My daughter, Chelsea, struggled in school. Even in Grade 5, teachers said that “she was a tough nut to crack”.  She was described as an “emerging reader”.  I didn’t understand how a child could be so smart, and be unable to succeed in school.  None of her siblings struggled like this.  Why was Chelsea different?

Each year started with the hope that “this would be her year!” I’d talk to the teachers, we modify her expectations, and I gave feedback.  I spent hours and hours each night trying to get her through her modified homework.  All the effort was in vain.

Chelsea never made the list for Occupational Therapy time or a Psych-Ed evaluation, though I talked to her teachers and the school admin every year.  She wasn’t the most disruptive kid – so no one had her on the radar. She was quietly not succeeding at school.

Home was awful. I dreaded picking Chelsea up from school because it was another hour of her fighting with us.  If I didn’t pick her up, her little sister bore the brunt of her temper on the school bus. It was clear she was well past her ability to cope by the time the school day was done. And then we’d have to start on at least 2 hours of homework.

Her teacher explained it best when she said she wished she could “zip open her skull and see what was going on.”

Her teachers couldn’t help. Doctors couldn’t help.  No one could help us. I was spending my nights combing the internet looking for something; anything, that might help.

I found a blog about vision therapy and I finally found something that sounded like my kid. The I found a new Behavioural Optometrist in Victoria.

Through vision therapy, Chelsea is a new person.  It’s not about being a better student, although she does now read at grade level. But now we only argue about normal 13-year-old things. Her sisters don’t feel threatened any more. I like picking her up from school.

All of this happened because I fell into a blog about vision therapy.  I spent 6-plus years looking for help, asking for help and begging for help.  Finally, I had found some answers.

If you watch the TEDx Victoria talk about Vision Therapy, the reader in Dr.
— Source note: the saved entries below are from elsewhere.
text \<open>Chernoff bound: by independence the Laplace transform of a partial sum factorizes, and
  each factor is at most exp (- c k / (2 e)).\<close>

lemma AE_weighted_exponential_sum_at_top:
  fixes E :: "nat \<Rightarrow> 'a \<Rightarrow> real" and c :: "nat \<Rightarrow> real"
  assumes indep: "indep_vars (\<lambda>_. borel) E UNIV"
    and exp: "\<And>k. distributed M lborel (E k) (exponential_density 1)"
    and c0: "\<And>k. 0 \<le> c k" and c1: "\<And>k. c k \<le> 1"
    and div: "filterlim (\<lambda>n. \<Sum>k<n. c k) at_top sequentially"
  shows "AE \<omega> in M. filterlim (\<lambda>n. \<Sum>k<n. c k * E k \<omega>) at_top sequentially"
proof -
  have [measurable]: "E k \<in> borel_measurable M" for k
    using distributed_measurable[OF exp[of k]] by simp
  define p :: real where "p = exp (- 1) / 2"
  define F where "F k \<omega> = exp (- c k * max 0 (E k \<omega>))" for k \<omega>
  have [measurable]: "F k \<in> borel_measurable M" for k unfolding F_def by measurable
  have F01: "0 \<le> F k \<omega>" "F k \<omega> \<le> 1" for k \<omega>
    using c0[of k] by (auto simp: F_def mult_nonneg_nonneg)
  have prod_F_int: "integrable M (\<lambda>\<omega>. \<Prod>k\<in>K. F k \<omega>)" for K
    using F01 by (intro integrable_const_bound[where B = 1]) (auto simp: prod_nonneg prod_le_1)
  have "indep_vars (\<lambda>_. borel) (\<lambda>k \<omega>. (\<lambda>k x. exp (- c k * max 0 x)) k (E k \<omega>)) UNIV"
    by (rule indep_vars_compose2[OF indep]) measurable
  then have indepF: "indep_vars (\<lambda>_. borel) F UNIV" by (simp add: F_def[abs_def])
  have prod_bound: "expectation (\<lambda>\<omega>. \<Prod>k<n. F k \<omega>) \<le> exp (- (p * (\<Sum>k<n. c k)))" for n
  proof -
    have "expectation (\<lambda>\<omega>. \<Prod>k<n. F k \<omega>) = (\<Prod>k<n. expectation (F k))"
      using prod_F_int[of "{_}"]
      by (intro indep_vars_lebesgue_integral) (auto intro: indep_vars_subset[OF indepF])
    also have "\<dots> \<le> (\<Prod>k<n. exp (- (p * c k)))"
    proof (intro prod_mono conjI)
      fix k
      show "0 \<le> expectation (F k)" using F01 by (simp add: integral_nonneg)
      show "expectation (F k) \<le> exp (- (p * c k))"
        using expectation_exp_neg_exponential_le[OF exp c0 c1, of k k]
        by (simp add: F_def[abs_def] p_def mult.commute)
    qed
    also have "\<dots> = exp (- (p * (\<Sum>k<n. c k)))"
      by (simp add: exp_sum[symmetric] sum_negf sum_distrib_left)
    finally show ?thesis .
  qed
  have "AE \<omega> in M. \<exists>n. real m < (\<Sum>k<n. c k * max 0 (E k \<omega>))" for m :: nat
  proof -
    define B where "B = {\<omega> \<in> space M. \<forall>n. (\<Sum>k<n. c k * max 0 (E k \<omega>)) \<le> real m}"
    have [measurable]: "B \<in> events" unfolding B_def by measurable
    have bound: "prob B \<le> exp (real m) * exp (- (p * (\<Sum>k<n. c k)))" for n
    proof -
      have "B \<subseteq> {\<omega> \<in> space M. exp (- real m) \<le> (\<Prod>k<n. F k \<omega>)}"
        by (auto simp: B_def F_def exp_sum[symmetric] sum_negf)
      then have "prob B \<le> prob {\<omega> \<in> space M. exp (- real m) \<le> (\<Prod>k<n. F k \<omega>)}"
        by (intro finite_measure_mono) measurable
      also have "\<dots> \<le> expectation (\<lambda>\<omega>. \<Prod>k<n. F k \<omega>) / exp (- real m)"
        using F01 by (intro integral_Markov_inequality_measure[OF prod_F_int sets.top])
          (auto simp: prod_nonneg)
      also have "\<dots> \<le> exp (real m) * exp (- (p * (\<Sum>k<n. c k)))"
        using prod_bound[of n] by (simp add: exp_minus field_simps)
      finally show ?thesis .
    qed
    have lim: "(\<lambda>n. exp (real m) * exp (- (p * (\<Sum>k<n. c k)))) \<longlonglongrightarrow> 0"
      by (intro tendsto_mult_right_zero filterlim_compose[OF exp_at_bot]
          filterlim_uminus_at_top[THEN iffD1] filterlim_tendsto_pos_mult_at_top[OF tendsto_const _ div])
        (simp add: p_def)
    have "prob B \<le> 0"
      by (rule tendsto_le[OF sequentially_bot lim tendsto_const]) (intro always_eventually allI bound)
    then have "AE \<omega> in M. \<omega> \<notin> B"
      using prob_eq_0[of B] by (simp add: measure_le_0_iff)
    with AE_space show ?thesis by eventually_elim (auto simp: B_def not_le)
  qed
  then have "AE \<omega> in M. \<forall>m::nat. \<exists>n. real m < (\<Sum>k<n. c k * max 0 (E k \<omega>))"
    by (simp add: AE_all_countable)
  moreover have "AE \<omega> in M. \<forall>k. 0 < E k \<omega>"
    using AE_exponential_pos[OF exp] by (simp add: AE_all_countable)
  ultimately show ?thesis
  proof eventually_elim
    case (elim \<omega>)
    then have unbounded: "\<forall>m::nat. \<exists>n. real m < (\<Sum>k<n. c k * E k \<omega>)" by simp
    have inc: "incseq (\<lambda>n. \<Sum>k<n. c k * E k \<omega>)"
      using elim c0 by (intro incseq_SucI) (simp add: less_imp_le)
    show ?case
      unfolding filterlim_at_top eventually_sequentially
    proof
      fix z :: real
      obtain n where n: "real (nat \<lceil>z\<rceil>) < (\<Sum>k<n. c k * E k \<omega>)" using unbounded by blast
      have "z \<le> (\<Sum>k<n'. c k * E k \<omega>)" if "n \<le> n'" for n'
        using real_nat_ceiling_ge[of z] n incseqD[OF inc that] by linarith
      then show "\<exists>n. \<forall>n'\<ge>n. z \<le> (\<Sum>k<n'. c k * E k \<omega>)" by blast
    qed
  qed
qed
McCrodan’s talk was my daughter….she was “riding the broken bike”.  There are other TEDx talks that discuss vision issues, and particularly, convergence insufficiency. I encourage you to view them all. I’ve recognized Chelsea in all of them.

I have shared this story with Chelsea’s teachers, doctors, and other parents.  Word seems to be getting out. Uniformly, people have been shocked that this isn’t general knowledge.

The school system needs to be aware of the issues surrounding vision to save families the heartache of what we spent six years battling.